**Exercise requirements**
Among the entries below, how many lines hold "rule"? Only the number is wanted.

**Information**
(* Fix a treatment value $t$ and let $(\bm{X}, Y(t))$ be random variables, where $Y(t)$ is real-valued with conditional density $f_{Y(t)}(z\mid \bm{x})$ given $\bm{X}=\bm{x}$, and $\bm{X}$ has distribution $\mathbb{P}_{\bm{X}}$. Let $K$ be a probability density on $\mathbb{R}$, let $h>0$, and define $\delta_h(u)=\frac{1}{h}K(u/h)$ and $$g_h(z\mid \bm{x}) = \mathbb{E}[\delta_h(z-Y(t))\mid \bm{X}=\bm{x}] = \int \frac{1}{h}K\Big(\frac{z-k}{h}\Big) f_{Y(t)}(k\mid \bm{x})\,dk.$$ Let $\widehat{g}_h(z\mid \bm{x})$ be an estimator of $g_h(z\mid\bm{x})$ constructed from $n$ i.i.d. samples (obtained by regressing $\delta_h(z-Y(t))$ on $\bm{X}$), and set $$Q_n(z) = \int \big|\widehat{g}_h(z\mid \bm{x}) - g_h(z\mid \bm{x})\big|^2\, d\mathbb{P}_{\bm{X}}(\bm{x}).$$ Assume: (A1) for every fixed $h>0$ and every fixed $z$, $Q_n(z)=o_p(1)$ as $n\to\infty$; (A2) $Q_n(z)$ is differentiable in $z$ and $\sup_z |\partial Q_n(z)/\partial z| = O_p(1)$; (A3) $\int u K(u)\,du = 0$ and $\int u^2 K(u)\,du<\infty$; (A4) for every $\bm{x}$, $z\mapsto f_{Y(t)}(z\mid\bm{x})$ is twice continuously differentiable, and $\int\int |f''_{Y(t)}(z\mid\bm{x})|^2\,d\mathbb{P}_{\bm{X}}(\bm{x})\,dz<\infty$, where $''$ denotes the second derivative in $z$. Then for any real numbers $a<b$, $$\int_a^b\int \big|\widehat{g}_h(z\mid \bm{x}) - f_{Y(t)}(z\mid \bm{x})\big|^2\, d\mathbb{P}_{\bm{X}}(\bm{x})\,dz \le o_p(1) + C h^4,$$ where $C$ is a constant that does not depend on $n$ or $h$.
   Context: $o_p(1)$ denotes a sequence of random variables converging to $0$ in probability as $n\to\infty$; $O_p(1)$ denotes a sequence of random variables that is bounded in probability (tight). *)

theory Defs
  imports "HOL-Probability.Probability"
begin

definition gh :: "(real \<Rightarrow> real) \<Rightarrow> ('x \<Rightarrow> real \<Rightarrow> real) \<Rightarrow> real \<Rightarrow> real \<Rightarrow> 'x \<Rightarrow> real" where
  "gh K f h z x = (\<integral>k. (1 / h) * K ((z - k) / h) * f x k \<partial>lborel)"

text \<open>Q_n(z) = integral over P_X of |ghat_h(z|x) - g_h(z|x)|^2.
  ghat n h w z x : the estimator built from n samples, at bandwidth h, sample outcome w.\<close>
definition Qn :: "'x measure \<Rightarrow> (real \<Rightarrow> real) \<Rightarrow> ('x \<Rightarrow> real \<Rightarrow> real)
    \<Rightarrow> (nat \<Rightarrow> real \<Rightarrow> 'w \<Rightarrow> real \<Rightarrow> 'x \<Rightarrow> real) \<Rightarrow> nat \<Rightarrow> real \<Rightarrow> 'w \<Rightarrow> real \<Rightarrow> real" where
  "Qn PX K f ghat n h w z = (\<integral>x. (ghat n h w z x - gh K f h z x)^2 \<partial>PX)"

definition op_one :: "'w measure \<Rightarrow> (nat \<Rightarrow> 'w \<Rightarrow> real) \<Rightarrow> bool" where
  "op_one M Z \<longleftrightarrow> (\<forall>n. Z n \<in> borel_measurable M) \<and>
     (\<forall>e>0. (\<lambda>n. measure M {w \<in> space M. \<bar>Z n w\<bar> > e}) \<longlonglongrightarrow> 0)"

text \<open>Z_n = O_p(1) (bounded in probability / tight), for possibly infinite
  nonnegative random quantities such as a supremum.\<close>
definition Op_one :: "'w measure \<Rightarrow> (nat \<Rightarrow> 'w \<Rightarrow> ennreal) \<Rightarrow> bool" where
  "Op_one M Z \<longleftrightarrow> (\<forall>n. Z n \<in> borel_measurable M) \<and>
     (\<forall>e>0. \<exists>c::real. eventually (\<lambda>n. measure M {w \<in> space M. Z n w > ennreal c} < e) sequentially)"

end

theory Submission
  imports Defs
begin

text \<open>Write \<open>ghat - f = (ghat - g_h) + (g_h - f)\<close>; the integrated squared error is then at most
  twice an estimation term plus twice a bias term.

  The estimation term is bounded by \<open>2 (b - a) sup_{[a,b]} Q_n\<close>, and this supremum is \<open>o_p(1)\<close>:
  on a grid of mesh \<open>(b - a)/N\<close> the finitely many values \<open>Q_n(z_i)\<close> are jointly \<open>o_p(1)\<close> by (A1),
  and between grid points \<open>Q_n\<close> moves by at most \<open>(b - a)/N\<close> times \<open>sup |Q_n'|\<close>, which is \<open>O_p(1)\<close>
  by (A2); choosing \<open>N\<close> large makes this interpolation error small.

  For the bias, the substitution \<open>k = z - h u\<close> and Taylor's formula for \<open>f(. | x)\<close> at \<open>z\<close> leave
  only the second-order remainder, because \<open>K\<close> has total mass 1 and mean 0 (A3). That remainder is
  bounded by a \<open>K\<close>-weighted average of \<open>|f''|\<close> over windows of length \<open>2 |h u|\<close>; Cauchy-Schwarz
  against this weight and integration over \<open>z\<close> give
  \<open>\<integral>\<integral> |g_h - f|^2 \<le> (2 h^2 \<integral> u^2 K)^2 \<integral>\<integral> |f''|^2\<close>, which is \<open>C h^4\<close> by (A4).\<close>

section \<open>Bias of kernel smoothing\<close>

lemma taylor_remainder_le_integral:
  fixes F F' q :: "real \<Rightarrow> real"
  assumes F': "\<And>y. DERIV F y :> F' y" and F'': "\<And>y. DERIV F' y :> q y"
    and q_cont: "continuous_on UNIV q"
  shows "ennreal \<bar>F (z + d) - F z - d * F' z\<bar> \<le>
     ennreal \<bar>d\<bar> * (\<integral>\<^sup>+t. ennreal (indicator {z - \<bar>d\<bar>..z + \<bar>d\<bar>} t * \<bar>q t\<bar>) \<partial>lborel)"
proof -
  obtain \<xi> where \<xi>: "\<bar>\<xi> - z\<bar> \<le> \<bar>d\<bar>" and mvt: "F (z + d) - F z - d * F' z = d * (F' \<xi> - F' z)"
  proof -
    have der: "DERIV (\<lambda>y. F y - y * F' z) y :> F' y - F' z" for y
      by (auto intro!: derivative_eq_intros F')
    consider "d < 0" | "d = 0" | "d > 0" by linarith
    then show ?thesis
    proof cases
      case 1
      with MVT2[of "z + d" z _ "\<lambda>y. F' y - F' z"] der obtain \<xi>
        where "z + d < \<xi>" "\<xi> < z" "F z - z * F' z - (F (z + d) - (z + d) * F' z) = (z - (z + d)) * (F' \<xi> - F' z)"
        by auto
      with 1 show ?thesis by (intro that[of \<xi>]) (auto simp: algebra_simps)
    next
      case 2
      then show ?thesis by (intro that[of z]) auto
    next
      case 3
      with MVT2[of z "z + d" _ "\<lambda>y. F' y - F' z"] der obtain \<xi>
        where "z < \<xi>" "\<xi> < z + d" "F (z + d) - (z + d) * F' z - (F z - z * F' z) = (z + d - z) * (F' \<xi> - F' z)"
        by auto
      with 3 show ?thesis by (intro that[of \<xi>]) (auto simp: algebra_simps)
    qed
  qed
  define lo hi where "lo = min \<xi> z" and "hi = max \<xi> z"
  have lo_hi: "lo \<le> hi" by (simp add: lo_def hi_def)
  have q_int: "integrable lborel (\<lambda>t. indicator {lo..hi} t *\<^sub>R q t)"
    using borel_integrable_atLeastAtMost'[OF continuous_on_subset[OF q_cont]]
    unfolding set_integrable_def by blast
  have "(\<integral>t. indicator {lo..hi} t *\<^sub>R q t \<partial>lborel) = F' hi - F' lo"
    by (rule integral_FTC_atLeastAtMost[OF lo_hi])
      (auto simp: has_real_derivative_iff_has_vector_derivative[symmetric]
        intro: DERIV_subset[OF F''] continuous_on_subset[OF q_cont])
  then have "\<bar>F' \<xi> - F' z\<bar> = norm (\<integral>t. indicator {lo..hi} t *\<^sub>R q t \<partial>lborel)"
    by (auto simp: lo_def hi_def min_def max_def)
  also have "ennreal \<dots> \<le> (\<integral>\<^sup>+t. norm (indicator {lo..hi} t *\<^sub>R q t) \<partial>lborel)"
    by (rule integral_norm_bound_ennreal[OF q_int])
  also have "\<dots> \<le> (\<integral>\<^sup>+t. ennreal (indicator {z - \<bar>d\<bar>..z + \<bar>d\<bar>} t * \<bar>q t\<bar>) \<partial>lborel)"
    using \<xi> by (intro nn_integral_mono) (auto simp: indicator_def lo_def hi_def)
  finally show ?thesis
    unfolding mvt abs_mult ennreal_mult'[OF abs_ge_zero] by (intro mult_left_mono) auto
qed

**Your response**
2